Q1 gross margin was steady year-on-year, with increased R&D and channel expansion, causing the cost side to put pressure on the 24Q1 company to deliver 80,000 vehicles, +53% over the same period, and was the top NEV sales champion of over 300,000 yuan for 18 consecutive months. The company's 24Q1 gross profit margin was 20.6%, +0.2pct year-on-year. , month-on-month ratio - 2.8pct. The main reason is that the average selling price was reduced due to changes in the 24Q1 pricing strategy, and 23Q4 surged back part of the warranty reserve based on updated future warranty cost estimates. The company's 24Q1 adjusted net profit of 1.3 billion yuan, achieving six consecutive quarters of profit. On the cost side, 24Q1 R&D expenses/sales, general and administrative expenses were $3/30 billion, respectively, or +65%/+81% compared to the same period last year. The sharp year-on-year increase on the cost side was mainly due to increased employee remuneration, increased research and development of intelligent technology, and expansion of sales channels.

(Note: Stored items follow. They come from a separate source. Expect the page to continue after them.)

text \<open>A mesh is represented by the family of vertex sets of its (closed) simplices;
  the simplex with vertex set S is  convex hull S.\<close>
definition simplicial_mesh :: "'a::euclidean_space set set \<Rightarrow> bool" where
  "simplicial_mesh Th \<longleftrightarrow> finite Th \<and> Th \<noteq> {} \<and>
     (\<forall>S\<in>Th. finite S \<and> card S = DIM('a) + 1 \<and> \<not> affine_dependent S) \<and>
     (\<forall>S1\<in>Th. \<forall>S2\<in>Th. convex hull S1 \<inter> convex hull S2 = convex hull (S1 \<inter> S2))"

definition mesh_size :: "'a::euclidean_space set set \<Rightarrow> real" where
  "mesh_size Th = Max ((\<lambda>S. diameter (convex hull S)) ` Th)"

definition mesh_domain :: "'a::euclidean_space set set \<Rightarrow> 'a set" where
  "mesh_domain Th = interior (\<Union>S\<in>Th. convex hull S)"

definition nodes :: "'a::euclidean_space set set \<Rightarrow> 'a set" where
  "nodes Th = \<Union> Th"

definition bary :: "'a::euclidean_space set \<Rightarrow> 'a \<Rightarrow> 'a \<Rightarrow> real" where
  "bary S z x = (THE c. \<exists>u. sum u S = 1 \<and> (\<Sum>y\<in>S. u y *\<^sub>R y) = x \<and> u z = c)"

definition hat :: "'a::euclidean_space set set \<Rightarrow> 'a \<Rightarrow> 'a \<Rightarrow> real" where
  "hat Th z x =
     (if \<exists>S\<in>Th. z \<in> S \<and> x \<in> convex hull S
      then bary (SOME S. S \<in> Th \<and> z \<in> S \<and> x \<in> convex hull S) z x else 0)"

definition interp :: "'a::euclidean_space set set \<Rightarrow> ('a \<Rightarrow> real) \<Rightarrow> 'a \<Rightarrow> real" where
  "interp Th w x = (\<Sum>z\<in>nodes Th. w z * hat Th z x)"

text \<open>V_h: continuous piecewise linear functions = span of the hat basis (on the closure of Omega_h).\<close>
definition Vh :: "'a::euclidean_space set set \<Rightarrow> ('a \<Rightarrow> real) set" where
  "Vh Th = {w. \<exists>c. \<forall>x\<in>(\<Union>S\<in>Th. convex hull S). w x = (\<Sum>z\<in>nodes Th. c z * hat Th z x)}"

definition direction_set :: "real \<Rightarrow> 'a::euclidean_space set \<Rightarrow> bool" where
  "direction_set \<theta> S \<longleftrightarrow> finite S \<and> S \<subseteq> sphere 0 1 \<and> (\<forall>v\<in>S. - v \<in> S) \<and>
     (\<forall>v\<in>sphere 0 1. \<exists>v\<^sub>\<theta>\<in>S. norm (v - v\<^sub>\<theta>) \<le> \<theta>)"

definition interior_nodes :: "'a::euclidean_space set \<Rightarrow> 'a set set \<Rightarrow> real \<Rightarrow> 'a set" where
  "interior_nodes \<Omega> Th \<epsilon> = nodes Th \<inter> inner_dom \<Omega> (2 * \<epsilon>)"

definition boundary_nodes :: "'a::euclidean_space set \<Rightarrow> 'a set set \<Rightarrow> real \<Rightarrow> 'a set" where
  "boundary_nodes \<Omega> Th \<epsilon> = nodes Th - interior_nodes \<Omega> Th \<epsilon>"

definition stencil :: "'a::euclidean_space set \<Rightarrow> real \<Rightarrow> 'a \<Rightarrow> 'a set" where
  "stencil S\<^sub>\<theta> \<epsilon> z = insert z ((\<lambda>v. z + \<epsilon> *\<^sub>R v) ` S\<^sub>\<theta>)"

definition neg_inf_lap :: "'a::euclidean_space set set \<Rightarrow> 'a set \<Rightarrow> real \<Rightarrow> ('a \<Rightarrow> real) \<Rightarrow> 'a \<Rightarrow> real" where
  "neg_inf_lap Th S\<^sub>\<theta> \<epsilon> w z =
     (2 * w z - Max (interp Th w ` stencil S\<^sub>\<theta> \<epsilon> z) - Min (interp Th w ` stencil S\<^sub>\<theta> \<epsilon> z)) / \<epsilon>\<^sup>2"

definition obstacle_op :: "'a::euclidean_space set set \<Rightarrow> 'a set \<Rightarrow> real \<Rightarrow> ('a \<Rightarrow> real) \<Rightarrow> ('a \<Rightarrow> real) \<Rightarrow> ('a \<Rightarrow> real) \<Rightarrow> 'a \<Rightarrow> real" where
  "obstacle_op Th S\<^sub>\<theta> \<epsilon> w f \<psi> z = min (neg_inf_lap Th S\<^sub>\<theta> \<epsilon> w z - f z) (w z - \<psi> z)"

definition ext_stencil :: "'a::euclidean_space set set \<Rightarrow> 'a set \<Rightarrow> real \<Rightarrow> 'a \<Rightarrow> 'a set" where
  "ext_stencil Th S\<^sub>\<theta> \<epsilon> z = insert z {z' \<in> nodes Th. \<exists>v\<in>S\<^sub>\<theta>. hat Th z' (z + \<epsilon> *\<^sub>R v) > 0}"
lemma psd_supported_eq_sum_outer:
  assumes "finite S" and "psd X" and "supported_on S X"
  shows "\<exists>v. X = (\<Sum>k\<in>S. outer (v k))"
  using assms
proof (induction S arbitrary: X rule: finite_induct)
  case empty
  then have "X = 0"
    by (simp add: supported_on_def vec_eq_iff)
  then show ?case
    by simp
next
  case (insert k S)
  have "\<exists>u Y. psd Y \<and> supported_on S Y \<and> X = Y + outer u"
  proof (cases "X$k$k = 0")
    case True
    then have "X$i$k = 0" and "X$k$i = 0" for i
      using psd_zero_diag_imp_zero_column[OF insert.prems(1) True] psd_hermitian[OF insert.prems(1), of k i]
      by simp_all
    then have "supported_on S X"
      using insert.prems(2) unfolding supported_on_def by (metis insertE)
    then show ?thesis
      using insert.prems(1) by (intro exI[of _ 0] exI[of _ X]) (simp add: outer_def vec_eq_iff)
  next
    case False
    define c where "c = Re (X$k$k)"
    have "X$k$k = complex_of_real c" and "c > 0"
      using psd_diag_nonneg[OF insert.prems(1), of k] False
      by (auto simp: c_def cnonneg_def complex_eq_iff)
    moreover have "(complex_of_real (sqrt c))\<^sup>2 = complex_of_real c"
      using \<open>c > 0\<close> by (simp flip: of_real_power)
    ultimately have "csmult (1 / X$k$k) (outer (column k X))
        = outer (complex_of_real (1 / sqrt c) *s column k X)"
      by (simp add: outer_scale power2_eq_square[symmetric] power_divide)
    then show ?thesis
      using psd_schur_complement[OF insert.prems(1) False]
        supported_on_schur_complement[OF insert.prems False]
      by (metis diff_add_cancel)
  qed
  then obtain u Y where "psd Y" "supported_on S Y" "X = Y + outer u"
    by blast
  moreover obtain v where "Y = (\<Sum>l\<in>S. outer (v l))"
    using insert.IH \<open>psd Y\<close> \<open>supported_on S Y\<close> by blast
  moreover have "(\<Sum>l\<in>S. outer ((v(k := u)) l)) = (\<Sum>l\<in>S. outer (v l))"
    using insert.hyps(2) by (intro sum.cong) auto
  ultimately have "X = (\<Sum>l\<in>insert k S. outer ((v(k := u)) l))"
    using insert.hyps by (simp add: add.commute)
  then show ?case
    by blast
qed
theorem theorem4:
  fixes S K :: nat and m :: "nat \<Rightarrow> nat" and M :: "nat \<Rightarrow> vec \<Rightarrow> mat"
    and A :: "tensor \<Rightarrow> mat" and MM :: "support set" and C \<delta> :: real
  assumes "K \<ge> 1" and "S \<ge> 1"
    and "\<forall>k\<le>K. m k > 0"
    and "linear_factors S K m M"
    and "is_lifting S K m M A"
    and "finite MM"
    and "\<forall>Sp\<in>MM. \<forall>k<K. Sp k \<subseteq> {..<S}"
    and "C > 0" and "\<delta> > 0"
    and stable: "\<forall>Sp\<in>MM. \<forall>hb\<in>params_S S K Sp. \<forall>e\<in>mats (m 0) (m K).
        fro (m 0) (m K) e \<le> \<delta> \<longrightarrow>
        (\<forall>Sps\<in>MM. \<forall>hs\<in>params_S S K Sps.
           hb \<in> params_star S K \<and> hs \<in> params_star S K \<and>
           fro (m 0) (m K) (msub (A (segre S K hs)) (madd (A (segre S K hb)) e))
             \<le> fro (m 0) (m K) e
           \<longrightarrow> d2 S K hs hb \<le>
               C * min (tinf S K (segre S K hb) powr (1 / real K - 1))
                       (tinf S K (segre S K hs) powr (1 / real K - 1))
                 * fro (m 0) (m K) e)"
  shows "deep_NSP S K m A MM
           (C * real S powr ((real K - 1) / 2) * sqrt (real K) * sigma_max S K m A) \<delta>"
  unfolding deep_NSP_def
proof (intro ballI allI impI, elim conjE)
  have K: "K \<ge> 1" and S: "S \<ge> 1" and L: "is_lifting S K m M A" and C: "C > 0"
    and stable_rec: "stable_recovery S K m A MM C \<delta>"
    using assms unfolding stable_recovery_def by auto
  fix Sp Sp' T T'
  assume Sp: "Sp \<in> MM" "Sp' \<in> MM" and T: "T \<in> segre_sum S K Sp Sp'"
    and small: "fro (m 0) (m K) (A (proj S K (sunion Sp Sp') T)) \<le> \<delta>"
    and T': "T' \<in> tensors S K" and ker: "A (proj S K (sunion Sp Sp') T') = (\<lambda>_ _. 0)"
  let ?D = "\<lambda>i. T i - proj S K (sunion Sp Sp') T' i"
  have T_tensor: "T \<in> tensors S K"
    using T by (auto simp: segre_sum_def tensors_def segre_def)
  have "A ?D = A T"
    using is_lifting_diff[OF L T_tensor proj_in_tensors[OF T']] ker by simp
  then have sigma: "fro (m 0) (m K) (A T) \<le> sigma_max S K m A * tnorm S K ?D"
    using fro_lifting_le_sigma_max[OF L tensors_diff[OF T_tensor proj_in_tensors[OF T', of "sunion Sp Sp'"]]] by simp
  have "tnorm S K T \<le> C * sqrt (real S) ^ (K - 1) * sqrt (real K) * fro (m 0) (m K) (A T)"
    using tnorm_le_if_stable_recovery[OF S K L C stable_rec Sp T] small proj_segre_sum[OF T] by simp
  also have "\<dots> \<le> C * sqrt (real S) ^ (K - 1) * sqrt (real K) * (sigma_max S K m A * tnorm S K ?D)"
    using sigma C by (intro mult_left_mono) simp_all
  finally show "tnorm S K T
      \<le> C * real S powr ((real K - 1) / 2) * sqrt (real K) * sigma_max S K m A * tnorm S K ?D"
    unfolding sqrt_power_pred_eq_powr[OF S K, symmetric] by (simp only: mult_ac)
qed

end
lemma holo_on_restrict_complex_line:
  assumes "holo_on U F"
  shows "(\<lambda>t. F (s + t *s v) $ i) holomorphic_on {t. s + t *s v \<in> U}"
  unfolding holomorphic_on_def
proof
  fix t assume "t \<in> {t. s + t *s v \<in> U}"
  then obtain L where L: "(F has_derivative L) (at (s + t *s v))" "\<And>c w. L (c *s w) = c *s L w"
    using assms unfolding holo_on_def by auto
  have "((\<lambda>t. F (s + t *s v) $ i) has_derivative (\<lambda>u. L (u *s v) $ i)) (at t)"
    using has_derivative_compose[OF has_derivative_complex_line L(1)]
    by (auto intro: bounded_linear.has_derivative[OF bounded_linear_vec_nth] simp: o_def)
  then have "((\<lambda>t. F (s + t *s v) $ i) has_field_derivative L v $ i) (at t)"
    by (simp add: has_field_derivative_def L(2) mult.commute[of _ "L v $ i"])
  then show "(\<lambda>t. F (s + t *s v) $ i) field_differentiable at t within {t. s + t *s v \<in> U}"
    using field_differentiable_at_within field_differentiable_def by blast
qed

lemma holo_on_convex_identity_theorem:
  fixes F :: "complex^'p \<Rightarrow> complex^'k"
  assumes F: "holo_on C F" and C: "open C" "convex C"
    and s: "s \<in> C" "\<forall>\<^sub>F y in nhds s. F y = 0" and w: "w \<in> C"
  shows "F w = 0"
proof -
  define l where "l t = s + t *s (w - s)" for t :: complex
  define D where "D = l -` C"
  have cont_l: "isCont l t" for t
    unfolding l_def by (rule has_derivative_continuous[OF has_derivative_complex_line])
  have "open D"
    unfolding D_def by (rule continuous_open_vimage[OF C(1) cont_l])
  have "D = (\<lambda>t. t *s (w - s)) -` ((+) (- s) ` C)"
    unfolding D_def l_def by (force simp: algebra_simps)
  moreover have "convex ((\<lambda>t. t *s (w - s)) -` ((+) (- s) ` C))"
    by (intro convex_linear_vimage linear_scale_vector convex_translation C(2))
  ultimately have "connected D"
    by (simp only: convex_connected)
  obtain e where e: "e > 0" "\<And>y. y \<in> ball s e \<Longrightarrow> F y = 0"
    using s(2) unfolding eventually_nhds_metric by (metis dist_commute mem_ball)
  define D0 where "D0 = D \<inter> l -` ball s e"
  have "open D0"
    unfolding D0_def using \<open>open D\<close> cont_l by (intro open_Int continuous_open_vimage open_ball) auto
  have "0 \<in> D0" "1 \<in> D"
    unfolding D0_def D_def l_def using s(1) w e(1) by auto
  have "F (l 1) $ i = 0" for i
  proof (rule analytic_continuation_open[of D0 D "\<lambda>t. F (l t) $ i" "\<lambda>_. 0"])
    show "(\<lambda>t. F (l t) $ i) holomorphic_on D"
      using holo_on_restrict_complex_line[OF F, of s "w - s" i]
      unfolding D_def l_def vimage_def .
  qed (use \<open>open D0\<close> \<open>open D\<close> \<open>connected D\<close> \<open>0 \<in> D0\<close> \<open>1 \<in> D\<close> e(2) in \<open>auto simp: D0_def\<close>)
  then show ?thesis
    by (simp add: l_def vec_eq_iff)
qed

The L6 is expected to have a production capacity of 20,000 in June, and the layout of overcharging stations will be accelerated. It is expected that the new pure electric vehicle will be released on May 15, and the 10,000 mass-produced Ideal L6 will officially go offline. As of May 15, the cumulative number of L6 locked orders reached 34,000. The company's production capacity is continuing to climb, and is expected to exceed 20,000 units in June. In terms of the layout of overcharging stations, as of May 19, 404 ideal overcharging stations and 1,770 charging piles have been launched nationwide.

It has a layout of 22/126 provinces and cities, connecting 4 national highways, including the G2 Beijing-Shanghai Expressway and the G4 Beijing-Hong Kong-Macau Expressway. The company will firmly invest and speed up the layout. It is expected that by the end of '24, more than 2,000 ideal supercharging stations will be put into use, improving the charging experience of existing models while providing a solid foundation guarantee for the launch of high-voltage pure electric models in '25.

OTA 5.2 launched, AD Pro 3.0 achieved high-speed NOA zero takeover in May, OTA 5.2 launched push, added 19 features, optimized 23 experiences, and upgraded AD Pro 3.0 for intelligent driving and AD Max 3.0 for intelligent driving. AD Pro 3.0, a smart driving solution based on the Horizon Journey 5 chip's first mass-produced BEV model architecture, can achieve zero high-speed NOA 1000-kilometer level takeover, add detour capability for cone barrels and anti-collision barrels, and make the driving experience smoother. AD Max 3.0's active safety capabilities have been upgraded in all aspects. It is optimized for up to 8 high-frequency high-risk scenarios, such as a straight encounter with a tricycle crossing at an intersection, to identify and intervene in a timely manner in advance to avoid or mitigate the risk of collision. We believe that by increasing investment in intelligent technology research and development, the company will continue to enhance product strength and brand power, and drive high sales growth.

Risk warning: Consumer demand falls short of expectations, supply chain shortages, company product releases and orders fall short of expectations.

The translation is provided by third-party software.